■ **Work task**
State how many lines of the entries below hold the word "their"; reply with nothing but the number.

Collected data entries:
(* For every positive integer $n$, the map sending a minimal cover $\{S_1,\dots,S_k\}$ of $[n]$ to the undirected graph on $[n]$ in which distinct $v,w$ are adjacent iff $v,w\in S_i$ for some $i$, is a bijection from the set of minimal covers of $[n]$ onto the set of UEC-representatives on vertex set $[n]$.
   Context: A minimal cover of a finite set $S$ is a collection $\{S_1,\dots,S_k\}$ of nonempty subsets of $S$ such that for $T\subseteq[k]$ we have $\bigcup_{i\in T}S_i=S$ iff $T=[k]$. For a DAG $\mathcal{D}$, a trek is a path with no repeated vertices and no collider; the unconditional dependence graph $\mathcal{U}^\mathcal{D}$ is the undirected graph on the nodes of $\mathcal{D}$ in which distinct $v,w$ are adjacent iff there is a trek between them. An undirected graph on $[n]$ is a UEC-representative if it equals $\mathcal{U}^\mathcal{D}$ for some DAG $\mathcal{D}$ on $[n]$. *)

theory Defs
  imports Main
begin

definition minimal_cover :: "'a set \<Rightarrow> 'a set set \<Rightarrow> bool" where
  "minimal_cover S C \<longleftrightarrow>
     (\<forall>A\<in>C. A \<noteq> {} \<and> A \<subseteq> S) \<and>
     (\<forall>T. T \<subseteq> C \<longrightarrow> (\<Union>T = S \<longleftrightarrow> T = C))"

text \<open>Undirected graphs on a fixed vertex set are represented by their edge sets,
  each edge being a two-element set {v,w}.\<close>
definition cover_graph :: "'a set set \<Rightarrow> 'a set set" where
  "cover_graph C = {{v, w} | v w. v \<noteq> w \<and> (\<exists>A\<in>C. v \<in> A \<and> w \<in> A)}"

definition dag_on :: "'a set \<Rightarrow> ('a \<times> 'a) set \<Rightarrow> bool" where
  "dag_on V D \<longleftrightarrow> D \<subseteq> V \<times> V \<and> acyclic D"

definition is_trek :: "('a \<times> 'a) set \<Rightarrow> 'a list \<Rightarrow> bool" where
  "is_trek D p \<longleftrightarrow> p \<noteq> [] \<and> distinct p \<and>
     (\<forall>i. Suc i < length p \<longrightarrow> (p!i, p!Suc i) \<in> D \<or> (p!Suc i, p!i) \<in> D) \<and>
     (\<forall>i. 0 < i \<and> Suc i < length p \<longrightarrow>
          \<not> ((p!(i - 1), p!i) \<in> D \<and> (p!Suc i, p!i) \<in> D))"

definition trek_between :: "('a \<times> 'a) set \<Rightarrow> 'a \<Rightarrow> 'a \<Rightarrow> bool" where
  "trek_between D v w \<longleftrightarrow> (\<exists>p. is_trek D p \<and> hd p = v \<and> last p = w)"

definition udg :: "'a set \<Rightarrow> ('a \<times> 'a) set \<Rightarrow> 'a set set" where
  "udg V D = {{v, w} | v w. v \<in> V \<and> w \<in> V \<and> v \<noteq> w \<and> trek_between D v w}"

definition UEC_representative :: "nat \<Rightarrow> nat set set \<Rightarrow> bool" where
  "UEC_representative n G \<longleftrightarrow> (\<exists>D. dag_on {1..n} D \<and> G = udg {1..n} D)"

end

(*
  For an acyclic D there is a trek between v and w iff v and w have a common ancestor:
  a trek climbs to a top vertex and then only descends, and conversely two directed walks
  from a common ancestor of minimal total length meet only at their start and glue to a
  trek. So the dependence graph of a DAG joins v and w iff both descend from a common
  source, i.e. it is the graph of the cover by the descendant sets of the sources, which
  is minimal because each source lies only in its own set. Conversely, the graph of a
  minimal cover is realised by orienting every member as a star out of a private point.
  Finally, a minimal cover is recovered from its graph as the set of those closed
  neighbourhoods that are cliques: the closed neighbourhood of a private point is its
  member, and a clique neighbourhood of v forces v into a single member.
*)

theory Submission
  imports Defs
begin

subsection \<open>Treks and common ancestors\<close>

definition common_ancestor :: "('a \<times> 'a) set \<Rightarrow> 'a \<Rightarrow> 'a \<Rightarrow> bool" where
  "common_ancestor D v w \<longleftrightarrow> (\<exists>t. (t, v) \<in> D\<^sup>* \<and> (t, w) \<in> D\<^sup>*)"

lemma trek_common_ancestor:
  assumes "is_trek D p"
  shows "common_ancestor D (hd p) (last p)"
proof -
  have ne: "p \<noteq> []" using assms by (simp add: is_trek_def)
  have step: "(p!i, p!Suc i) \<in> D \<or> (p!Suc i, p!i) \<in> D" if "Suc i < length p" for i
    using assms that by (simp add: is_trek_def)
  have no_collider: "\<not> ((p!(i - 1), p!i) \<in> D \<and> (p!Suc i, p!i) \<in> D)"
    if "0 < i" "Suc i < length p" for i
    using assms that by (simp add: is_trek_def)
  \<comment> \<open>A trek climbs to its top vertex and then only descends: once an edge has been
    traversed forwards, the absence of colliders forbids going backwards again.\<close>
  have climb_or_descend:
    "(p!l, p!0) \<in> D\<^sup>* \<or> (0 < l \<and> (p!(l - 1), p!l) \<in> D \<and> common_ancestor D (p!0) (p!l))"
    if "l < length p" for l
    using that
  proof (induction l)
    case (Suc l)
    then have IH: "(p!l, p!0) \<in> D\<^sup>* \<or> (0 < l \<and> (p!(l - 1), p!l) \<in> D \<and> common_ancestor D (p!0) (p!l))"
      by simp
    consider (forward) "(p!l, p!Suc l) \<in> D" | (backward) "(p!Suc l, p!l) \<in> D"
      using step[OF Suc.prems] by blast
    then show ?case
    proof cases
      case forward
      with IH have "common_ancestor D (p!0) (p!Suc l)"
        unfolding common_ancestor_def by (meson rtrancl.rtrancl_refl rtrancl_into_rtrancl)
      with forward show ?thesis by simp
    next
      case backward
      with IH no_collider[of l] Suc.prems have "(p!l, p!0) \<in> D\<^sup>*" by auto
      with backward show ?thesis by (meson converse_rtrancl_into_rtrancl)
    qed
  qed simp
  have "common_ancestor D (p!0) (p!(length p - 1))"
    using climb_or_descend[of "length p - 1"] ne unfolding common_ancestor_def by auto
  then show ?thesis using ne by (simp add: hd_conv_nth last_conv_nth)
qed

■ **Answer**
2